What needs to be done
From the line containing "using common_direction_of_disjoint_halfspaces[OF assms(1), of" onward, retype each line of the entries below exactly, last line included.

Material for the task
▼
(* Let $G$ be a finite simple graph and let $1\le k<\nu(G)$. If $I(G)^{[k]}$ is linearly related, then $I(G)^{[k+1]}$ is linearly related.
   Context: $G$ is a finite simple graph on vertex set $\{x_1,\ldots,x_n\}$ identified with the variables of $S=K[x_1,\ldots,x_n]$ ($K$ a field); edges are identified with degree-2 monomials. $I(G)^{[k]}$ (the $k$th squarefree power of the edge ideal) is generated by all products $e_1\cdots e_k$ over $k$-matchings $\{e_1,\ldots,e_k\}$ of $G$; it is generated in degree $2k$. $\nu(G)$ is the matching number. A graded ideal $I$ generated in a single degree $d$ is linearly related if its first syzygy module is generated by linear relations, i.e. $\dim_K\operatorname{Tor}_1^S(I,K)_j=0$ for all $j\neq d+1$. *)

theory Defs
  imports Main "HOL-Library.Poly_Mapping"
begin

(* Polynomial ring S = K[x_v : v vertex]: polynomials are finitely supported maps
  from monomials (exponent vectors 'a <Rightarrow><^sub>0 nat) to coefficients in K. *)

type_synonym ('a, 'k) poly = "('a \<Rightarrow>\<^sub>0 nat) \<Rightarrow>\<^sub>0 'k"

definition simple_graph :: "'a set set \<Rightarrow> bool" where
  "simple_graph E \<longleftrightarrow> finite E \<and> (\<forall>e\<in>E. card e = 2)"

definition matching :: "'a set set \<Rightarrow> 'a set set \<Rightarrow> bool" where
  "matching E M \<longleftrightarrow> M \<subseteq> E \<and> (\<forall>e\<in>M. \<forall>f\<in>M. e \<noteq> f \<longrightarrow> e \<inter> f = {})"

definition matching_number :: "'a set set \<Rightarrow> nat" where
  "matching_number E = Max {card M | M. matching E M}"

(* Exponent vector of the squarefree monomial prod_{x in A} x. *)
definition vexp :: "'a set \<Rightarrow> ('a \<Rightarrow>\<^sub>0 nat)" where
  "vexp A = (\<Sum>x\<in>A. Poly_Mapping.single x 1)"

definition monom :: "('a \<Rightarrow>\<^sub>0 nat) \<Rightarrow> ('a, 'k::comm_ring_1) poly" where
  "monom m = Poly_Mapping.single m 1"

(* Exponent vectors of the generators e_1 <cdots> e_k of I(G)^[k], over all k-matchings. *)
definition sqf_power_gens :: "'a set set \<Rightarrow> nat \<Rightarrow> ('a \<Rightarrow>\<^sub>0 nat) set" where
  "sqf_power_gens E k = {(\<Sum>e\<in>M. vexp e) | M. matching E M \<and> card M = k}"

definition mdeg :: "('a \<Rightarrow>\<^sub>0 nat) \<Rightarrow> nat" where
  "mdeg m = (\<Sum>x\<in>Poly_Mapping.keys m. Poly_Mapping.lookup m x)"

definition syzygies :: "('a \<Rightarrow>\<^sub>0 nat) set \<Rightarrow> (('a \<Rightarrow>\<^sub>0 nat) \<Rightarrow> ('a, 'k::field) poly) set" where
  "syzygies U = {\<sigma>. (\<forall>u. u \<notin> U \<longrightarrow> \<sigma> u = 0) \<and> (\<Sum>u\<in>U. \<sigma> u * monom u) = 0}"

definition linear_syzygies :: "('a \<Rightarrow>\<^sub>0 nat) set \<Rightarrow> (('a \<Rightarrow>\<^sub>0 nat) \<Rightarrow> ('a, 'k::field) poly) set" where
  "linear_syzygies U = {\<sigma> \<in> syzygies U. \<forall>u. \<forall>m\<in>Poly_Mapping.keys (\<sigma> u). mdeg m = 1}"

(* The ideal generated by the monomials U (all of the same degree d, hence a minimal
  generating set) is linearly related: its first syzygy module is generated, as an S-module,
  by linear relations. *)
definition linearly_related :: "('a \<Rightarrow>\<^sub>0 nat) set \<Rightarrow> 'k::field itself \<Rightarrow> bool" where
  "linearly_related U K \<longleftrightarrow>
     (\<forall>\<sigma> \<in> (syzygies U :: (('a \<Rightarrow>\<^sub>0 nat) \<Rightarrow> ('a, 'k) poly) set).
        \<exists>n (c :: nat \<Rightarrow> ('a, 'k) poly) \<tau>.
          (\<forall>i<n. \<tau> i \<in> linear_syzygies U) \<and> (\<forall>u. \<sigma> u = (\<Sum>i<n. c i * \<tau> i u)))"
(* Let $V_\theta$ be a real vector space of dimension $2$ and let $M\subset V_\theta\times[0,1]$ be a dichotomous item response hypersurface with associated function $f:V_\theta\to[0,1]$. Then for every $w\in V_\theta$ there exists a nonzero $v\in V_\theta$ such that $f$ is constant on the line $w+\mathbb{R}\cdot v=\{w+\lambda v:\lambda\in\mathbb{R}\}$.
   Context: A dichotomous item response hypersurface (IRHS) is a $D=\dim V_\theta$ dimensional smooth submanifold $M$ of $V_\theta\times[0,1]$ such that for any two vectors $v,w\in V_\theta$, the intersection of $(w+\mathbb{R}\cdot v)\times[0,1]$ with $M$ is the graph of a monotonic function $w+\mathbb{R}\cdot v\to[0,1]$. A function $g:w+\mathbb{R}\cdot v\to[0,1]$ is monotonic if either $g(w+\lambda v)\le g(w+\mu v)$ for all $\lambda\le\mu$, or $g(w+\lambda v)\ge g(w+\mu v)$ for all $\lambda\le\mu$. Taking $v=0$ shows $M$ is the graph of a function $f:V_\theta\to[0,1]$, the associated function. *)

theory Defs
  imports "HOL-Analysis.Analysis"
begin

primrec Ck_on :: "nat \<Rightarrow> 'a::real_normed_vector set \<Rightarrow> ('a \<Rightarrow> 'b::real_normed_vector) \<Rightarrow> bool" where
  "Ck_on 0 S f = continuous_on S f"
| "Ck_on (Suc k) S f =
     (f differentiable_on S \<and> (\<forall>v. Ck_on k S (\<lambda>x. frechet_derivative f (at x) v)))"

definition smooth_on_open :: "'a::real_normed_vector set \<Rightarrow> ('a \<Rightarrow> 'b::real_normed_vector) \<Rightarrow> bool" where
  "smooth_on_open S f \<longleftrightarrow> open S \<and> (\<forall>k. Ck_on k S f)"

text \<open>M is a smooth embedded submanifold of V \<times> R of dimension DIM('a) = dim V:
  locally the image of a smooth immersion of an open subset of R^D (here 'a, which has
  dimension D) that is a homeomorphism onto its image.\<close>
definition smooth_submanifold_dimV :: "('a::euclidean_space \<times> real) set \<Rightarrow> bool" where
  "smooth_submanifold_dimV M \<longleftrightarrow>
     (\<forall>p\<in>M. \<exists>U W (\<phi>::'a \<Rightarrow> 'a \<times> real) \<psi>.
        open U \<and> p \<in> U \<and> W \<noteq> {} \<and> smooth_on_open W \<phi> \<and>
        homeomorphism W (M \<inter> U) \<phi> \<psi> \<and>
        (\<forall>x\<in>W. inj (frechet_derivative \<phi> (at x))))"

definition monotone_on_line :: "('a::real_vector \<Rightarrow> real) \<Rightarrow> 'a \<Rightarrow> 'a \<Rightarrow> bool" where
  "monotone_on_line g w v \<longleftrightarrow>
     (\<forall>s t. s \<le> t \<longrightarrow> g (w + s *\<^sub>R v) \<le> g (w + t *\<^sub>R v)) \<or>
     (\<forall>s t. s \<le> t \<longrightarrow> g (w + s *\<^sub>R v) \<ge> g (w + t *\<^sub>R v))"

definition line :: "'a::real_vector \<Rightarrow> 'a \<Rightarrow> 'a set" where
  "line w v = {w + s *\<^sub>R v | s. True}"

definition dichotomous_IRHS :: "('a::euclidean_space \<times> real) set \<Rightarrow> bool" where
  "dichotomous_IRHS M \<longleftrightarrow>
     smooth_submanifold_dimV M \<and> M \<subseteq> UNIV \<times> {0..1} \<and>
     (\<forall>v w. \<exists>g. (\<forall>x\<in>line w v. g x \<in> {0..1}) \<and>
        M \<inter> (line w v \<times> {0..1}) = {(x, g x) | x. x \<in> line w v} \<and>
        monotone_on_line g w v)"

end

theory Submission
  imports Defs
begin

text \<open>The line condition makes \<open>f\<close> monotone along every segment, so the strict sub- and
  superlevel sets of \<open>f\<close> are convex and so are their complements. The manifold condition
  makes \<open>f\<close> continuous (invariance of domain applied to the first coordinate of a chart),
  so these level sets are open, and an open convex set with convex complement is an open
  half-space. Hence \<open>{f < f w}\<close> and \<open>{f > f w}\<close> are disjoint open half-spaces; in the plane
  their boundary lines are parallel, and \<open>f\<close> is constant along the line through \<open>w\<close> in
  that direction.\<close>

lemma continuous_on_if_graph_locally_homeomorphic:
  fixes f :: "'a::euclidean_space \<Rightarrow> real"
  assumes charts: "\<And>x. \<exists>U W (\<phi>::'a \<Rightarrow> 'a \<times> real) \<psi>. open U \<and> (x, f x) \<in> U \<and> open W \<and>
      homeomorphism W (range (\<lambda>x. (x, f x)) \<inter> U) \<phi> \<psi>"
  shows "continuous_on UNIV f"
proof -
  have "isCont f x" for x
  proof -
    obtain U W and \<phi> :: "'a \<Rightarrow> 'a \<times> real" and \<psi> where U: "open U" "(x, f x) \<in> U"
      and "open W" and hom: "homeomorphism W (range (\<lambda>x. (x, f x)) \<inter> U) \<phi> \<psi>"
      using charts by blast
    have img: "\<phi> ` W = range (\<lambda>x. (x, f x)) \<inter> U" and "continuous_on W \<phi>"
      and \<psi>\<phi>: "\<And>z. z \<in> W \<Longrightarrow> \<psi> (\<phi> z) = z"
      and \<phi>\<psi>: "\<And>q. q \<in> range (\<lambda>x. (x, f x)) \<inter> U \<Longrightarrow> \<phi> (\<psi> q) = q"
      and \<psi>W: "\<psi> ` (range (\<lambda>x. (x, f x)) \<inter> U) = W"
      using hom unfolding homeomorphism_def by auto
    define p where "p = fst \<circ> \<phi>"
    have \<phi>_graph: "\<phi> z = (p z, f (p z))" if "z \<in> W" for z
    proof -
      have "\<phi> z \<in> range (\<lambda>x. (x, f x))"
        using img that by blast
      then show ?thesis
        unfolding p_def by auto
    qed
    have cont_p: "continuous_on W p"
      unfolding p_def using \<open>continuous_on W \<phi>\<close> by (intro continuous_on_compose continuous_intros)
    have inj_p: "inj_on p W"
      by (rule inj_onI) (metis \<phi>_graph \<psi>\<phi>)
    have "open (p ` W)"
      using invariance_of_domain[OF cont_p \<open>open W\<close> inj_p] .
    moreover have "x \<in> p ` W"
    proof
      show "\<psi> (x, f x) \<in> W" using \<psi>W U by auto
      show "x = p (\<psi> (x, f x))" using \<phi>\<psi> U unfolding p_def by auto
    qed
    moreover have "continuous_on (p ` W) f"
    proof -
      have inv: "continuous_on (p ` W) (inv_into W p)"
        by (rule continuous_on_inverse_open[OF \<open>open W\<close> cont_p]) (auto simp: inj_p)
      have "continuous_on W (\<lambda>z. snd (\<phi> z))"
        using \<open>continuous_on W \<phi>\<close> by (rule continuous_on_snd)
      then have "continuous_on (p ` W) (\<lambda>y. snd (\<phi> (inv_into W p y)))"
        by (rule continuous_on_compose2[OF _ inv]) (auto simp: inv_into_into)
      moreover have "snd (\<phi> (inv_into W p y)) = f y" if "y \<in> p ` W" for y
        using \<phi>_graph[of "inv_into W p y"] that by (simp add: inv_into_into f_inv_into_f)
      ultimately show ?thesis
        using continuous_on_cong by fastforce
    qed
    ultimately show "isCont f x"
      using continuous_on_eq_continuous_at by blast
  qed
  then show ?thesis
    by (simp add: continuous_at_imp_continuous_on)
qed

lemma continuous_on_if_graph_submanifold:
  fixes f :: "'a::euclidean_space \<Rightarrow> real"
  assumes "smooth_submanifold_dimV (range (\<lambda>x. (x, f x)))"
  shows "continuous_on UNIV f"
proof (rule continuous_on_if_graph_locally_homeomorphic)
  fix x
  obtain U W and \<phi> :: "'a \<Rightarrow> 'a \<times> real" and \<psi> where "open U" "(x, f x) \<in> U"
    "smooth_on_open W \<phi>" "homeomorphism W (range (\<lambda>x. (x, f x)) \<inter> U) \<phi> \<psi>"
    using assms[unfolded smooth_submanifold_dimV_def, rule_format, of "(x, f x)"] by blast
  then show "\<exists>U W (\<phi>::'a \<Rightarrow> 'a \<times> real) \<psi>. open U \<and> (x, f x) \<in> U \<and> open W \<and>
      homeomorphism W (range (\<lambda>x. (x, f x)) \<inter> U) \<phi> \<psi>"
    unfolding smooth_on_open_def by blast
qed

lemma monotone_on_line_if_dichotomous_IRHS:
  fixes f :: "'a::euclidean_space \<Rightarrow> real"
  assumes "dichotomous_IRHS (range (\<lambda>x. (x, f x)))"
  shows "monotone_on_line f w v"
proof -
  obtain g where g: "range (\<lambda>x. (x, f x)) \<inter> (line w v \<times> {0..1}) = {(x, g x) | x. x \<in> line w v}"
    and "monotone_on_line g w v"
    using assms unfolding dichotomous_IRHS_def by blast
  have "g x = f x" if "x \<in> line w v" for x
  proof -
    have "(x, f x) \<in> UNIV \<times> {0..1}"
      using assms unfolding dichotomous_IRHS_def by blast
    then have "(x, f x) \<in> {(x, g x) | x. x \<in> line w v}"
      using that by (auto simp flip: g)
    then show ?thesis by simp
  qed
  moreover have "w + s *\<^sub>R v \<in> line w v" for s
    unfolding line_def by blast
  ultimately show ?thesis
    using \<open>monotone_on_line g w v\<close> unfolding monotone_on_line_def by simp
qed

lemma between_on_segment_if_monotone_on_lines:
  fixes f :: "'a::real_vector \<Rightarrow> real"
  assumes "\<And>w v. monotone_on_line f w v" and z: "z \<in> closed_segment x y"
  shows "min (f x) (f y) \<le> f z \<and> f z \<le> max (f x) (f y)"
proof -
  obtain u where u: "0 \<le> u" "u \<le> 1" and z_eq: "z = x + u *\<^sub>R (y - x)"
    using z by (auto simp: in_segment algebra_simps)
  define g where "g s = f (x + s *\<^sub>R (y - x))" for s
  have "(\<forall>s t. s \<le> t \<longrightarrow> g s \<le> g t) \<or> (\<forall>s t. s \<le> t \<longrightarrow> g t \<le> g s)"
    using assms(1)[of x "y - x"] unfolding monotone_on_line_def g_def .
  then have "g 0 \<le> g u \<and> g u \<le> g 1 \<or> g 1 \<le> g u \<and> g u \<le> g 0"
    using u by blast
  moreover have "g 0 = f x" "g 1 = f y" "g u = f z"
    by (simp_all add: g_def z_eq)
  ultimately show ?thesis
    by linarith
qed

lemma convex_level_sets_if_between_on_segments:
  fixes f :: "'a::real_vector \<Rightarrow> real"
  assumes "\<And>x y z. z \<in> closed_segment x y \<Longrightarrow> min (f x) (f y) \<le> f z \<and> f z \<le> max (f x) (f y)"
  shows "convex {x. f x < c}" "convex {x. c \<le> f x}" "convex {x. c < f x}" "convex {x. f x \<le> c}"
  unfolding convex_contains_segment using assms by (fastforce dest: assms)+

lemma open_halfspace_if_convex_complement:
  fixes S :: "'a::euclidean_space set"
  assumes "open S" "convex S" "convex (- S)"
  shows "\<exists>a b. S = {x. a \<bullet> x < b}"
proof (cases "S = {} \<or> S = UNIV")
  case True
  then show ?thesis
  proof
    assume "S = {}"
    then show ?thesis by (intro exI[of _ 0]) auto
  next
    assume "S = UNIV"
    then show ?thesis by (intro exI[of _ 0] exI[of _ 1]) auto
  qed
next
  case False
  then obtain a b where "a \<noteq> 0" and below: "\<forall>x\<in>S. a \<bullet> x \<le> b" and above: "\<forall>x\<in>- S. b \<le> a \<bullet> x"
    using separating_hyperplane_sets[OF assms(2,3)] by auto
  have "a \<bullet> x < b" if "x \<in> S" for x
  proof -
    obtain e where "e > 0" "ball x e \<subseteq> S"
      using \<open>open S\<close> \<open>x \<in> S\<close> open_contains_ball by blast
    define y where "y = x + (e / 2 / norm a) *\<^sub>R a"
    have "dist x y < e"
      using \<open>e > 0\<close> \<open>a \<noteq> 0\<close> by (simp add: y_def dist_norm)
    then have "a \<bullet> y \<le> b"
      using below \<open>ball x e \<subseteq> S\<close> by auto
    moreover have "a \<bullet> y = a \<bullet> x + e / 2 * norm a"
      using \<open>a \<noteq> 0\<close> by (simp add: y_def inner_add_right dot_square_norm power2_eq_square)
    moreover have "e / 2 * norm a > 0"
      using \<open>e > 0\<close> \<open>a \<noteq> 0\<close> by simp
    ultimately show ?thesis by linarith
  qed
  then have "S = {x. a \<bullet> x < b}"
    using above by force
  then show ?thesis by blast
qed

lemma common_direction_of_disjoint_halfspaces:
  fixes a a' :: "'a::euclidean_space"
  assumes "DIM('a) = 2" and disjoint: "\<And>x. a \<bullet> x < b \<Longrightarrow> a' \<bullet> x < b' \<Longrightarrow> False"
  obtains v where "v \<noteq> 0" "a \<bullet> v = 0" "a' \<bullet> v = 0"
proof (cases "a = 0")
  case True
  then show ?thesis
    using orthogonal_to_vector_exists[of a'] assms(1) that by (auto simp: orthogonal_def)
next
  case False
  obtain v where "v \<noteq> 0" "a \<bullet> v = 0"
    using orthogonal_to_vector_exists[of a] assms(1) by (auto simp: orthogonal_def)
  moreover have "a' \<bullet> v = 0"
  proof (rule ccontr)
    assume "a' \<bullet> v \<noteq> 0"
    \<comment> \<open>\<open>x0\<close> lies below the first hyperplane; moving along \<open>v\<close> keeps it there and reaches the other half-space.\<close>
    define x0 where "x0 = ((b - 1) / (a \<bullet> a)) *\<^sub>R a"
    define x where "x = x0 + ((b' - 1 - a' \<bullet> x0) / (a' \<bullet> v)) *\<^sub>R v"
    have "a \<bullet> x = b - 1"
      using False \<open>a \<bullet> v = 0\<close> by (simp add: x_def x0_def inner_add_right)
    moreover have "a' \<bullet> x = b' - 1"
      using \<open>a' \<bullet> v \<noteq> 0\<close> by (simp add: x_def inner_add_right)
    ultimately show False
      using disjoint[of x] by simp
  qed
  ultimately show ?thesis
    using that by blast
qed

lemma strict_level_sets_halfspaces:
  fixes f :: "'a::euclidean_space \<Rightarrow> real"
  assumes "continuous_on UNIV f" and "\<And>w v. monotone_on_line f w v"
  obtains a b a' b' where "\<And>x. f x < c \<longleftrightarrow> a \<bullet> x < b" and "\<And>x. c < f x \<longleftrightarrow> a' \<bullet> x < b'"
proof -
  have "min (f x) (f y) \<le> f z \<and> f z \<le> max (f x) (f y)" if "z \<in> closed_segment x y" for x y z
    using between_on_segment_if_monotone_on_lines assms(2) that by blast
  note convex = convex_level_sets_if_between_on_segments[of f c, OF this]
  have "- {x. f x < c} = {x. c \<le> f x}" "- {x. c < f x} = {x. f x \<le> c}"
    by auto
  then have "\<exists>a b. {x. f x < c} = {x. a \<bullet> x < b}" "\<exists>a b. {x. c < f x} = {x. a \<bullet> x < b}"
    using convex assms(1)
    by (auto intro!: open_halfspace_if_convex_complement simp: open_Collect_less)
  then show ?thesis
    using that by blast
qed

theorem lemma2:
  fixes M :: "('a::euclidean_space \<times> real) set" and f :: "'a \<Rightarrow> real"
  assumes "DIM('a) = 2"
    and "dichotomous_IRHS M"
    and "M = {(x, f x) | x. True}"
  shows "\<forall>w. \<exists>v. v \<noteq> 0 \<and> (\<forall>t::real. f (w + t *\<^sub>R v) = f w)"
proof
  fix w
  have graph: "M = range (\<lambda>x. (x, f x))"
    using assms(3) by auto
  have "continuous_on UNIV f"
    using assms(2) continuous_on_if_graph_submanifold graph unfolding dichotomous_IRHS_def by blast
  moreover have "monotone_on_line f w' v" for w' v
    using monotone_on_line_if_dichotomous_IRHS assms(2) graph by blast
  ultimately obtain a b a' b' where below: "\<And>x. f x < f w \<longleftrightarrow> a \<bullet> x < b"
    and above: "\<And>x. f w < f x \<longleftrightarrow> a' \<bullet> x < b'"
    using strict_level_sets_halfspaces by blast
  obtain v where "v \<noteq> 0" "a \<bullet> v = 0" "a' \<bullet> v = 0"
    using common_direction_of_disjoint_halfspaces[OF assms(1), of a b a' b'] below above
    by (metis less_asym)
  moreover have "f (w + t *\<^sub>R v) = f w" for t
  proof -
    have "a \<bullet> (w + t *\<^sub>R v) = a \<bullet> w" "a' \<bullet> (w + t *\<^sub>R v) = a' \<bullet> w"
      using \<open>a \<bullet> v = 0\<close> \<open>a' \<bullet> v = 0\<close> by (simp_all add: inner_add_right)
    then show ?thesis
      using below[of w] below[of "w + t *\<^sub>R v"] above[of w] above[of "w + t *\<^sub>R v"] by linarith
  qed
  ultimately show "\<exists>v. v \<noteq> 0 \<and> (\<forall>t. f (w + t *\<^sub>R v) = f w)"
    by blast
qed

end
▲
Written solution
    using common_direction_of_disjoint_halfspaces[OF assms(1), of a b a' b'] below above
    by (metis less_asym)
  moreover have "f (w + t *\<^sub>R v) = f w" for t
  proof -
    have "a \<bullet> (w + t *\<^sub>R v) = a \<bullet> w" "a' \<bullet> (w + t *\<^sub>R v) = a' \<bullet> w"
      using \<open>a \<bullet> v = 0\<close> \<open>a' \<bullet> v = 0\<close> by (simp_all add: inner_add_right)
    then show ?thesis
      using below[of w] below[of "w + t *\<^sub>R v"] above[of w] above[of "w + t *\<^sub>R v"] by linarith
  qed
  ultimately show "\<exists>v. v \<noteq> 0 \<and> (\<forall>t. f (w + t *\<^sub>R v) = f w)"
    by blast
qed

end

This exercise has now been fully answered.